In manchen spanischen Großstädten gibt es bereits Tempo 30, diese Höchstgeschwindigkeit soll ab 2020 für alle geschlossenen Ortschaften im Land gelten. Foto: ADAC

In manchen spanischen Großstädten gibt es bereits Tempo 30, diese Höchstgeschwindigkeit soll ab 2020 für alle geschlossenen Ortschaften im Land gelten. Foto: ADAC

31.12.2019

Diese Verkehrsregeln und Vorschriften treten in Kraft

ADAC: Ab 2020 gelten Neuerungen im Bereich der Mobilität

München (WiSo) Das neue Jahr bringt für Verkehrsteilnehmer neue Regelungen, Gesetze und Beschlüsse – zum Beispiel Änderungen an der Straßenverkehrsordnung (StVO). Geplant sind härtere Strafen für das Durchfahren der gebildeten Rettungsgasse, höhere Bußgelder für Halten in zweiter Reihe (55 Euro) und mehr Rechte und Schutz für Radfahrer. Der Bundesrat wird abschließend über diese Vorschläge und einige Änderungsanträge am 14.02.2020 entscheiden.

Neu ist auch die Möglichkeit zur dauerhaften Absenkung des Mindestalters beim Führerschein der Klasse AM auf 15 Jahre. Diese Änderung trat bereits zum 6.12.2019 in Kraft, aber ob und wie die einzelnen Bundesländer die Reglung umsetzen, wird sich in 2020 zeigen. Außerdem steht voraussichtlich eine höchstrichterliche Klärung im VW-Abgasskandal an. Zudem sind erste Ergebnisse der laufenden Musterfeststellungsklage gegen VW zu erwarten.

Auch im Bereich Elektromobilität tut sich einiges. Der aktuelle Zuschuss für E-Autos unter 40.000 Euro soll von 4.000 auf 6.000 Euro und für Plug-In-Hybride von 3.000 auf 4.500 Euro steigen. Für Autos (Listenpreis über 40.000 bis maximal 65.000 Euro) ist ein Umweltbonus von 5.000 Euro für rein elektrische und 3.750 Euro für Plug-In-Hybrid-Fahrzeuge geplant. Der Umweltbonus wird weiterhin jeweils zur Hälfte von der Bundesregierung und von der Industrie finanziert. Zudem will die Bundesregierung mehr öffentlich zugänglichen Ladestationen.

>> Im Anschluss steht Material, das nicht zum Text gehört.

lemma transversal_A23_A32_symbols:
  assumes T: "is_transversal (3*m) (Lsq m) T" and avoid: "\<forall>e\<in>T. \<not> in_block m 1 1 e"
    and e: "(r, c, s) \<in> T" "(r div m, c div m) \<in> {(1,2),(2,1)}"
  shows "0 < s \<and> s < m"
proof -
  define B where "B = {e\<in>T. (fst e div m, fst (snd e) div m) \<in> {(1,2),(2,1)}}"
  define small where "small = {e\<in>T. snd (snd e) \<in> {1..<m}}"
  have fin: "finite T" using T by (simp add: is_transversal_def)
  have card_small: "card small = m - 1"
    using card_bij_betw_preimage[OF transversal_bij_betw_sym[OF T], of "{1..<m}"]
    by (simp add: small_def subset_eq)
  have small_B: "small \<subseteq> B"
  proof
    fix e assume "e \<in> small"
    then obtain r' c' s' where e': "e = (r', c', s')" "(r', c', s') \<in> T" "0 < s'" "s' < m"
      by (cases e) (auto simp: small_def)
    then have "(r' div m, c' div m) \<in> {(0,0),(1,2),(2,1)}"
      using block_of_Lsym_less transversal_mem_Lsq[OF T e'(2)] by simp
    moreover have "\<not> in_block m 1 1 (r', c', s')" using avoid e'(2) by blast
    ultimately show "e \<in> B" using e' by (auto simp: B_def in_block_def)
  qed
  have "card B \<le> card small"
    using card_transversal_A23_A32_le[OF T avoid] card_small by (simp add: B_def)
  then have "small = B" using small_B fin by (intro card_seteq) (simp_all add: B_def)
  moreover have "(r, c, s) \<in> B" using e by (simp add: B_def)
  ultimately show ?thesis by (auto simp: small_def)
qed
(* Let $1\le n\le\omega$. There is a Borel reduction $\psi\colon X_n\to X_n$ of $F_n$ to $F_n$ such that for every $x$ in the image of $\psi$, $x(i)$ is injective for all $i<n$ and $x(i)$ is separated for all $0<i<n$.
   Context: Let $\mathbb N=\{0,1,2,\dots\}$ and identify $2^{\mathbb N}$ with $\mathcal P(\mathbb N)$. For $1\le m\le\omega$ and $x\in((2^{\mathbb N})^{\mathbb N})^m$ define recursively: $A^x_1=\{x(0)(k):k\in\mathbb N\}\subseteq 2^{\mathbb N}$; for $1\le j<m$ and $l\in\mathbb N$, $a^{x,l}_1=\{x(0)(k):x(1)(l)(k)=1\}$ and $a^{x,l}_{j}=\{a^{x,k}_{j-1}:x(j)(l)(k)=1\}$ for $j\ge 2$; and $A^x_{j+1}=\{a^{x,k}_j:k\in\mathbb N\}$ for $1\le j<m$. Let $X_1=(2^{\mathbb N})^{\mathbb N}$, and for $2\le n\le\omega$ let $X_n$ be the set of $x\in((2^{\mathbb N})^{\mathbb N})^n$ such that for every $1\le i<n$: (1) for every $m$ there is $k$ with $x(i)(k)(m)=1$; (2) for every $k$ there is $m$ with $x(i)(k)(m)=1$; (3) for all $k,l_1,l_2$, if $x(i-1)(l_1)=x(i-1)(l_2)$ then $x(i)(k)(l_1)=x(i)(k)(l_2)$. For $1\le n<\omega$, $F_n$ on $X_n$ is $x\mathrel{F_n}y\iff A^x_n=A^y_n$; $F_\omega$ on $X_\omega$ is $x\mathrel{F_\omega}y\iff A^x_j=A^y_j$ for all $1\le j<\omega$. A sequence $a\in(2^{\mathbb N})^{\mathbb N}$ is injective if $a(i)\ne a(j)$ for $i\ne j$, and separated if for all distinct $n,k\in\mathbb N$ there is $i$ with $a(i)(n)\ne a(i)(k)$. *)

theory Defs
  imports "HOL-Analysis.Analysis" "HOL-Library.Extended_Nat"
begin

text \<open>
  Conventions.  2^N is nat => bool; (2^N)^N is nat => nat => bool.
  A point x of ((2^N)^N)^n (1 \<le> n \<le> \<omega>, n an extended natural) is represented by
  x :: nat \<Rightarrow> nat \<Rightarrow> nat \<Rightarrow> bool, where x i k m = x(i)(k)(m); coordinates i \<ge> n
  are required to be constantly False (canonical padding), so that ((2^N)^N)^n is
  identified with a closed subset of the Cantor space nat \<Rightarrow> nat \<Rightarrow> nat \<Rightarrow> bool
  (product topology, bool discrete).
\<close>

type_synonym pt = "nat \<Rightarrow> nat \<Rightarrow> nat \<Rightarrow> bool"

text \<open>
  The sets a^{x,l}_j live in the j-fold iterated power set, so they cannot all be
  given one HOL type.  We define instead the equality of such sets, by
  extensionality.  Put a^{x,l}_0 = x(0)(l) in 2^N.  Then
  a^{x,l}_j = {a^{x,k}_{j-1} : x(j)(l)(k) = 1} for j \<ge> 1, and
  seteq_a j x k y l  holds iff  a^{x,k}_j = a^{y,l}_j.
\<close>

fun seteq_a :: "nat \<Rightarrow> pt \<Rightarrow> nat \<Rightarrow> pt \<Rightarrow> nat \<Rightarrow> bool" where
  "seteq_a 0 x k y l = (x 0 k = y 0 l)"
| "seteq_a (Suc j) x k y l =
     ((\<forall>k'. x (Suc j) k k' \<longrightarrow> (\<exists>l'. y (Suc j) l l' \<and> seteq_a j x k' y l')) \<and>
      (\<forall>l'. y (Suc j) l l' \<longrightarrow> (\<exists>k'. x (Suc j) k k' \<and> seteq_a j x k' y l')))"

text \<open>A^x_{j+1} = {a^{x,k}_j : k \<in> N}; seteq_A (Suc j) x y holds iff A^x_{j+1} = A^y_{j+1}.\<close>

fun seteq_A :: "nat \<Rightarrow> pt \<Rightarrow> pt \<Rightarrow> bool" where
  "seteq_A 0 x y = True"
| "seteq_A (Suc j) x y =
     ((\<forall>k. \<exists>l. seteq_a j x k y l) \<and> (\<forall>l. \<exists>k. seteq_a j x k y l))"

definition Xsp :: "enat \<Rightarrow> pt set" where
  "Xsp n = {x. (\<forall>i. n \<le> enat i \<longrightarrow> x i = (\<lambda>_ _. False)) \<and>
     (\<forall>i. 1 \<le> i \<and> enat i < n \<longrightarrow>
        (\<forall>m. \<exists>k. x i k m) \<and>
        (\<forall>k. \<exists>m. x i k m) \<and>
        (\<forall>k l1 l2. x (i - 1) l1 = x (i - 1) l2 \<longrightarrow> x i k l1 = x i k l2))}"

definition Frel :: "enat \<Rightarrow> pt \<Rightarrow> pt \<Rightarrow> bool" where
  "Frel n x y = (case n of enat m \<Rightarrow> seteq_A m x y
                          | \<infinity> \<Rightarrow> (\<forall>j\<ge>1. seteq_A j x y))"

definition injective_seq :: "(nat \<Rightarrow> nat \<Rightarrow> bool) \<Rightarrow> bool" where
  "injective_seq a = (\<forall>i j. i \<noteq> j \<longrightarrow> a i \<noteq> a j)"

definition separated_seq :: "(nat \<Rightarrow> nat \<Rightarrow> bool) \<Rightarrow> bool" where
  "separated_seq a = (\<forall>n k. n \<noteq> k \<longrightarrow> (\<exists>i. a i n \<noteq> a i k))"

definition borel_reduction :: "pt set \<Rightarrow> (pt \<Rightarrow> pt \<Rightarrow> bool) \<Rightarrow> (pt \<Rightarrow> pt \<Rightarrow> bool) \<Rightarrow> (pt \<Rightarrow> pt) \<Rightarrow> bool" where
  "borel_reduction X E F f =
     (f \<in> measurable (restrict_space borel X) (restrict_space borel X) \<and>
      (\<forall>x\<in>X. \<forall>y\<in>X. E x y \<longleftrightarrow> F (f x) (f y)))"

end

theory Submission
  imports Defs "HOL-Library.Countable_Set_Type"
begin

Statt aktuell 21.100 sollen es in den nächsten zwei Jahren rund 50.000 werden. 

Eine Universalschlichtungsstelle des Bundes nimmt die Arbeit auf: Damit sollen Streitigkeiten außergerichtlich beigelegt werden können, für die es keine branchenspezifische private oder behördliche Verbraucherschlichtungsstelle gibt. 

Änderungen im Ausland

Spanien 

* Die Höchstgeschwindigkeit in geschlossenen Ortschaften (bei Straßen mit einer Spur je Fahrtrichtung) soll landesweit auf 30 km/h begrenzt werden. 

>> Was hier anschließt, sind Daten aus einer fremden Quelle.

(* Let $\mathbf G$ be a power-associative loop and $\Gamma^\pm=\mathcal G^\pm(\mathbf G)$. For each connected component $\Phi$ of $\Gamma^\pm$ that contains an element of infinite order, there exist connected components $\Psi_1,\Psi_2$ of $\mathcal G^+(\mathbf G)$ such that: (1) $V(\Phi)=V(\Psi_1)\cup V(\Psi_2)$; (2) $\Psi_1\cong\Psi_2$; (3) $\Phi\cong\Psi_1\boxtimes P_2$; (4) $\Psi_1\cong\Phi/\!\equiv_{\Gamma^\pm}$.
   Context: A loop is power-associative if every subloop generated by one element is a group; powers are computed in $\langle x\rangle$. The $Z^\pm$-power graph $\mathcal G^{\pm}(\mathbf G)$ has vertex set $G$, distinct $x,y$ adjacent iff $y=x^n$ or $x=y^n$ for some $n\in\mathbb Z\setminus\{0\}$; the $N$-power graph $\mathcal G^{+}(\mathbf G)$ is defined the same way with $n$ a positive integer. $P_2$ is the path on two vertices (a single edge). The strong product $\Gamma\boxtimes\Delta$ has vertex set $V(\Gamma)\times V(\Delta)$, with distinct $(x_1,y_1),(x_2,y_2)$ adjacent iff ($x_1=x_2$ or $x_1\sim x_2$) and ($y_1=y_2$ or $y_1\sim y_2$). For a graph $\Gamma$, $x\equiv_\Gamma y$ means $x,y$ have the same closed neighborhood in $\Gamma$; $\Phi/\!\equiv_{\Gamma^\pm}$ denotes the graph whose vertices are the $\equiv_{\Gamma^\pm}$-classes contained in $V(\Phi)$, two distinct classes being adjacent iff some (equivalently every) element of one is adjacent to some (every) element of the other. *)

theory Defs
  imports Main
begin

definition loop :: "('a \<Rightarrow> 'a \<Rightarrow> 'a) \<Rightarrow> 'a \<Rightarrow> bool" where
  "loop m e \<longleftrightarrow> (\<forall>x. m e x = x \<and> m x e = x)
     \<and> (\<forall>a b. \<exists>!x. m a x = b) \<and> (\<forall>a b. \<exists>!y. m y a = b)"

definition ldiv :: "('a \<Rightarrow> 'a \<Rightarrow> 'a) \<Rightarrow> 'a \<Rightarrow> 'a \<Rightarrow> 'a" where
  "ldiv m a b = (THE x. m a x = b)"

definition rdiv :: "('a \<Rightarrow> 'a \<Rightarrow> 'a) \<Rightarrow> 'a \<Rightarrow> 'a \<Rightarrow> 'a" where
  "rdiv m b a = (THE y. m y a = b)"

* Wer auf Schnellstraßen (90 km/h) ab 21 km/h zu schnell unterwegs ist, muss statt bisher 100 Euro eine Buße von 300 Euro zahlen. 

Italien 

* Kindersitze in inländischen Pkw müssen bereits mit Alarmsystemen ausgestattet sein müssen. Sanktionen sollen frühestens ab März 2020 verhängt werden. 

* Handyverstöße werden härter geahndet: Das Bußgeld steigt auf über 400 Euro. Außerdem droht ein Fahrverbot von sieben bis 30 Tagen. Im Wiederholungsfall sind sogar bis zu drei Monate möglich. 

Großbritannien 

* Verschärfung der Handynutzung am Steuer: Zukünftig darf das Telefon nicht mehr in die Hand genommen werden. Sonst drohen bis zu 200 Pfund Strafe oder sechs Punkte. 

* In Bristol sollen nach einem strengen Luftreinhalteplan alle Dieselfahrzeuge in Privatbesitz ab März 2021 zwischen 7.00 und 15.00 Uhr aus der Innenstadt verbannt werden. 

* Für die Londoner Umweltzone (LEZ) gelten ab dem 26. Oktober 2020 strengere Emissionsnormen für schwerere Fahrzeuge. 

* Auf Gehwegen zu parken ist aktuell nur in London untersagt. Schottland möchte dies in 2020 nun ebenfalls verbieten.